Single by Sarah Blasko

from the album As Day Follows Night
- Released: May 2009
- Length: 3:53
- Label: Dew Process
- Songwriter: Sarah Blasko
- Producer: Björn Yttling

Sarah Blasko singles chronology
| "Always on This Line" (2006) | "All I Want" (2009) | "We Won't Run" (2009) |

= All I Want (Sarah Blasko song) =

"All I Want" is a song by Australian singer/songwriter Sarah Blasko. The song was released in May 2009 as the lead single from her third studio album As Day Follows Night. The song peaked at number 64 on the ARIA Chart.

The song placed at number 29 on the Triple J Hottest 100, 2009.

At the 2009 ARIA Music Awards, the Head Pictures, Damon Escott, Stephen Lance directed video was nominated for Best Video.

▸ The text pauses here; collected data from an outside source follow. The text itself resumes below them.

(* There exists a $4\times 4$ magic square $A$ whose sixteen entries are pairwise distinct strings of length $4$ over $\{0,1,2\}$ (read as decimal numbers, leading zeros allowed), with magic sum $S1=4444$, such that the rotated array $R(A)$ is also a magic square with magic sum $4444$.
   Context: A magic square of order $n$ is an $n\times n$ array of numbers in which the sums of the entries of each row, of each column and of each of the two principal diagonals all equal a common value $S1$ (the magic sum). For an $n\times n$ array $A$ whose entries are digit strings $d_1d_2\cdots d_k$ over $\{0,1,2\}$, the $180^\circ$-rotated array $R(A)$ is defined by $R(A)_{i,j}=\overline{A_{n+1-i,\,n+1-j}}$, where $\overline{d_1\cdots d_k}=d_k\cdots d_1$ is the reversed string. Strings are interpreted as decimal integers. *)

theory Defs
  imports Main
begin

text \<open>A digit string d_1 d_2 ... d_k is a list of digits (most significant first);
  its decimal value allows leading zeros.\<close>
fun dec_val_acc :: "nat \<Rightarrow> nat list \<Rightarrow> nat" where
  "dec_val_acc a [] = a"
| "dec_val_acc a (d # ds) = dec_val_acc (10 * a + d) ds"

definition dec_val :: "nat list \<Rightarrow> nat" where
  "dec_val ds = dec_val_acc 0 ds"

definition magic_square :: "nat \<Rightarrow> (nat \<Rightarrow> nat \<Rightarrow> nat) \<Rightarrow> nat \<Rightarrow> bool" where
  "magic_square n M S \<longleftrightarrow>
     (\<forall>i<n. (\<Sum>j<n. M i j) = S) \<and>
     (\<forall>j<n. (\<Sum>i<n. M i j) = S) \<and>
     (\<Sum>i<n. M i i) = S \<and>
     (\<Sum>i<n. M i (n - 1 - i)) = S"

text \<open>180-degree rotation with reversal of each string (0-based indices):
  R(A)_{i,j} = reverse of A_{n-1-i, n-1-j}.\<close>
definition rot180 :: "nat \<Rightarrow> (nat \<Rightarrow> nat \<Rightarrow> 'a list) \<Rightarrow> nat \<Rightarrow> nat \<Rightarrow> 'a list" where
  "rot180 n A i j = rev (A (n - 1 - i) (n - 1 - j))"

end

theory Submission
  imports Defs
begin

(* The theorem is witnessed by an explicit square. *)

definition grid :: "nat \<Rightarrow> 'a list \<Rightarrow> nat \<Rightarrow> nat \<Rightarrow> 'a" where
  "grid n xs i j = xs ! (n * i + j)"

lemma grid_entry_inj:
  assumes "distinct xs" "length xs = n * n"
    and "i < n" "j < n" "k < n" "l < n"
    and "grid n xs i j = grid n xs k l"
  shows "(i, j) = (k, l)"
proof -
  have row_major_bound: "n * a + b < n * n" if "a < n" "b < n" for a b
  proof -
    have "n * a + b < n * Suc a" using that(2) by simp
    also have "\<dots> \<le> n * n" using that(1) by (intro mult_le_mono2) simp
    finally show ?thesis .
  qed
  have "n * i + j < n * n" "n * k + l < n * n"
    using assms(3-6) row_major_bound by simp_all
  then have pos: "n * i + j = n * k + l"
    using assms(1,2,7) by (simp add: grid_def nth_eq_iff_index_eq)
  have "i = (n * i + j) div n" "k = (n * k + l) div n"
    using assms(4,6) by simp_all
  moreover have "j = (n * i + j) mod n" "l = (n * k + l) mod n"
    using assms(4,6) by simp_all
  ultimately show ?thesis
    using pos by simp
qed

lemma all_less_4: "(\<forall>i<(4::nat). P i) \<longleftrightarrow> P 0 \<and> P 1 \<and> P 2 \<and> P 3"
  by (auto simp: numeral_eq_Suc less_Suc_eq)

lemma sum_less_4: "(\<Sum>i<(4::nat). f i) = f 0 + f 1 + f 2 + (f 3 :: nat)"
  by (simp add: numeral_eq_Suc)

lemma magic_square_4_iff:
  "magic_square 4 M S \<longleftrightarrow>
     (\<forall>i<4. M i 0 + M i 1 + M i 2 + M i 3 = S) \<and>
     (\<forall>j<4. M 0 j + M 1 j + M 2 j + M 3 j = S) \<and>
     M 0 0 + M 1 1 + M 2 2 + M 3 3 = S \<and>
     M 0 3 + M 1 2 + M 2 1 + M 3 0 = S"
  by (simp add: magic_square_def sum_less_4)

lemma dec_val_4digits: "dec_val [a, b, c, d] = 1000 * a + 100 * b + 10 * c + d"
  by (simp add: dec_val_def)

definition witness :: "nat list list" where
  "witness =
    [[2,0,1,0], [1,1,0,2], [0,1,1,0], [1,2,2,2],
     [1,2,2,0], [0,1,2,2], [2,1,0,0], [1,0,0,2],
     [1,2,0,2], [1,1,1,0], [1,1,1,2], [1,0,2,0],
     [0,0,1,2], [2,1,1,0], [1,1,2,2], [1,2,0,0]]"

lemma witness_distinct: "distinct witness"
  by (simp add: witness_def)

lemma witness_length: "length witness = 4 * 4"
  by (simp add: witness_def)

lemma witness_digits: "\<forall>s \<in> set witness. length s = 4 \<and> set s \<subseteq> {0, 1, 2}"
  by (simp add: witness_def)

lemma witness_entry_digits:
  assumes "i < 4" "j < 4"
  shows "length (grid 4 witness i j) = 4 \<and> set (grid 4 witness i j) \<subseteq> {0, 1, 2}"
proof -
  have "4 * i + j < length witness"
    using assms witness_length by linarith
  then show ?thesis
    using witness_digits by (simp add: grid_def)
qed

lemma witness_magic: "magic_square 4 (\<lambda>i j. dec_val (grid 4 witness i j)) 4444"
  by (simp add: magic_square_4_iff all_less_4 grid_def witness_def dec_val_4digits)

lemma witness_rot180_magic:
  "magic_square 4 (\<lambda>i j. dec_val (rot180 4 (grid 4 witness) i j)) 4444"
  by (simp add: magic_square_4_iff all_less_4 rot180_def grid_def witness_def
      dec_val_4digits)

theorem mainTheorem2:
  shows "\<exists>A :: nat \<Rightarrow> nat \<Rightarrow> nat list.
    (\<forall>i<4. \<forall>j<4. length (A i j) = 4 \<and> set (A i j) \<subseteq> {0, 1, 2}) \<and>
    (\<forall>i<4. \<forall>j<4. \<forall>k<4. \<forall>l<4. A i j = A k l \<longrightarrow> (i, j) = (k, l)) \<and>
    magic_square 4 (\<lambda>i j. dec_val (A i j)) 4444 \<and>
    magic_square 4 (\<lambda>i j. dec_val (rot180 4 A i j)) 4444"
proof (intro exI conjI)
  let ?A = "grid 4 witness"
  show "\<forall>i<4. \<forall>j<4. length (?A i j) = 4 \<and> set (?A i j) \<subseteq> {0, 1, 2}"
    using witness_entry_digits by blast
  show "\<forall>i<4. \<forall>j<4. \<forall>k<4. \<forall>l<4. ?A i j = ?A k l \<longrightarrow> (i, j) = (k, l)"
    using grid_entry_inj[OF witness_distinct witness_length] by blast
  show "magic_square 4 (\<lambda>i j. dec_val (?A i j)) 4444"
    by (rule witness_magic)
  show "magic_square 4 (\<lambda>i j. dec_val (rot180 4 ?A i j)) 4444"
    by (rule witness_rot180_magic)
qed

end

At the APRA Music Awards of 2010, the song was nominated for Song of the Year.

==Track listing==

Digital download and streaming
| No. | Title | Length |
|---|---|---|
| 1. | "All I Want" |  |

==Charts==

| Chart (2009) | Peak position |
|---|---|
| Australia (ARIA) | 64 |

==Certifications==

| Region | Certification | Certified units/sales |
| Australia (ARIA) | Gold | 35,000^{‡} |
^{‡} Sales+streaming figures based on certification alone.